In: Economics
#1) Consider a market with demand curve given by P = 90 - Q . The total cost of production for one firm is given by TC(q) = (q2/2)+10 . The marginal cost of production is MC = q .
a) If the market is perfectly competitive, find the supply curve for one firm. Explain. b) If the market price was $10, how many perfectly competitive firms are in the industry if they are identical? Explain. c) Find an expression for the monopolists marginal revenue curve (hint: recall the relationship between the MR curve’s and the demand curve’s slopes.) d) If the market is monopolized by one firm, how many units will be sold and at what uniform price to maximize profits? Explain.
Consider a market with demand curve given by P = 90 - Q . The total cost of production for one firm is given by TC(q) = (q^2/2)+10 . The marginal cost of production is MC = q .
a) If the market is perfectly competitive, find the supply curve for one firm. Explain.
Supply curve for a single firm is its MC curve. Hence it is MC = P = q. This gives q = P.
b) If the market price was $10, how many perfectly competitive firms are in the industry if they are identical? Explain.

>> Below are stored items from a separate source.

lemma arrival_time_has_real_derivative: "(arrival_time has_real_derivative 1 / F s) (at s)"
  unfolding arrival_time_def
  by (intro primitive_has_real_derivative continuous_intros continuous_F) simp

lemma arrival_time_0 [simp]: "arrival_time 0 = 0"
  by (simp add: arrival_time_def)

lemma strict_mono_arrival_time: "strict_mono arrival_time"
proof (rule strict_monoI)
  have "(arrival_time has_real_derivative 1 / F x) (at x) \<and> 0 < 1 / F x" for x
    using arrival_time_has_real_derivative F_pos by simp
  then show "arrival_time a < arrival_time b" if "a < b" for a b
    using DERIV_pos_imp_increasing[OF that] by blast
qed

lemma continuous_on_arrival_time: "continuous_on S arrival_time"
  using arrival_time_has_real_derivative
  by (meson DERIV_continuous continuous_at_imp_continuous_on)

lemma arrival_time_ge:
  assumes "0 \<le> s"
  shows "s / M \<le> arrival_time s"
proof -
  obtain z where "arrival_time s - arrival_time 0 = s * (1 / F z)"
    using MVT2[of 0 s arrival_time "\<lambda>z. 1 / F z"] assms arrival_time_has_real_derivative
    by (cases "s = 0") auto
  moreover have "1 / M \<le> 1 / F z"
    using F_pos F_le by (simp add: frac_le)
  ultimately show ?thesis
    using assms mult_left_mono by (fastforce simp: divide_inverse)
qed

lemma arrival_time_le:
  assumes "s \<le> 0"
  shows "arrival_time s \<le> s / M"
proof -
  obtain z where "arrival_time 0 - arrival_time s = (0 - s) * (1 / F z)"
    using MVT2[of s 0 arrival_time "\<lambda>z. 1 / F z"] assms arrival_time_has_real_derivative
    by (cases "s = 0") auto
  moreover have "1 / M \<le> 1 / F z"
    using F_pos F_le by (simp add: frac_le)
  ultimately show ?thesis
    using assms mult_left_mono[of "1 / M" "1 / F z" "- s"] by (simp add: divide_inverse)
qed

lemma surj_arrival_time: "surj arrival_time"
proof -
  have M_pos: "0 < M"
    using F_pos[of 0] F_le[of 0] by linarith
  have "\<exists>x. y = arrival_time x" for y
  proof -
    define a where "a = \<bar>y\<bar> * M"
    have "0 \<le> a"
      using M_pos by (simp add: a_def)
    have "arrival_time (- a) \<le> - a / M" "a / M \<le> arrival_time a"
      using arrival_time_le[of "- a"] arrival_time_ge[of a] \<open>0 \<le> a\<close> by simp_all
    moreover have "- a / M \<le> y" "y \<le> a / M"
      using M_pos by (simp_all add: a_def)
    ultimately obtain x where "arrival_time x = y"
      using IVT'[of arrival_time "- a" y a] continuous_on_arrival_time \<open>0 \<le> a\<close> by force
    then show ?thesis
      by metis
  qed
  then show ?thesis
    by (simp add: surj_def)
qed

lemma bij_arrival_time: "bij arrival_time"
  using strict_mono_arrival_time surj_arrival_time
  by (simp add: bij_def strict_mono_imp_inj_on)

lemma solution_eq_iff: "solution v = s \<longleftrightarrow> v = arrival_time s"
  unfolding solution_def using bij_arrival_time
  by (metis bij_inv_eq_iff)

lemma solution_arrival_time [simp]: "solution (arrival_time s) = s"
  by (simp add: solution_eq_iff)

lemma arrival_time_solution [simp]: "arrival_time (solution v) = v"
  by (metis solution_eq_iff)

lemma solution_0 [simp]: "solution 0 = 0"
  by (simp add: solution_eq_iff)

lemma solution_has_real_derivative: "(solution has_real_derivative F (solution v)) (at v)"
proof -
  have "isCont solution (arrival_time (solution v))"
    by (rule isCont_inverse_function[where d=1 and f=arrival_time and g=solution and x="solution v"])
       (simp_all add: DERIV_isCont[OF arrival_time_has_real_derivative])
  then have "(solution has_real_derivative inverse (1 / F (solution v))) (at v)"
    by (intro DERIV_inverse_function[where a="v - 1" and b="v + 1" and f=arrival_time]
        arrival_time_has_real_derivative) simp_all
  then show ?thesis
    by simp
qed

lemma solution_unique:
  assumes "\<And>v. (c has_real_derivative F (c v)) (at v)" "c 0 = 0"
  shows "c = solution"
proof
  fix v
  have "((\<lambda>v. arrival_time (c v) - v) has_real_derivative 1 / F (c v) * F (c v) - 1) (at v)" for v
    by (intro derivative_intros DERIV_chain2[OF arrival_time_has_real_derivative] assms(1))
  then have "((\<lambda>v. arrival_time (c v) - v) has_real_derivative 0) (at v)" for v
    by simp
  from DERIV_isconst_all[OF allI, OF this, of v 0] have "arrival_time (c v) = v"
    using assms(2) by simp
  then show "c v = solution v"
    using solution_eq_iff[of v "c v"] by simp
qed

lemma solution_add_arrival_time:
  assumes "\<And>s. F (s + d) = F s"
  shows "solution (v + arrival_time d) = solution v + d"
proof -
  have "(\<lambda>v. solution (v + arrival_time d) - d) = solution"
  proof (rule solution_unique)
    fix v
    have "F (solution (v + arrival_time d) - d) = F (solution (v + arrival_time d))"
      using assms[of "solution (v + arrival_time d) - d"] by simp
    then show "((\<lambda>v. solution (v + arrival_time d) - d) has_real_derivative
        F (solution (v + arrival_time d) - d)) (at v)"
      using DERIV_diff[OF DERIV_shift[THEN iffD1, OF solution_has_real_derivative] DERIV_const]
      by simp
  qed simp
  from fun_cong[OF this, of v] show ?thesis
    by linarith
qed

At P = 10, Qd (market demand) = 90 - 10 = 80 units. With one firm having P = q or q = 10 units as production, there are 80/10 = 8 firms in the short run.
c) Find an expression for the monopolists marginal revenue curve (hint: recall the relationship between the MR curve’s and the demand curve’s slopes.)
Demand is P = 90 - Q. TR is 90Q - Q^2. Hence MR = 90 - 2Q. (Twice the slope of demand).
d) If the market is monopolized by one firm, how many units will be sold and at what uniform price to maximize profits? Explain.
Monopoly uses MR = MC
90 - 2Q = Q
Qm = 90/3 = 30 units
Pm = 90 - Qm = 90 - 30 = $60 per unit.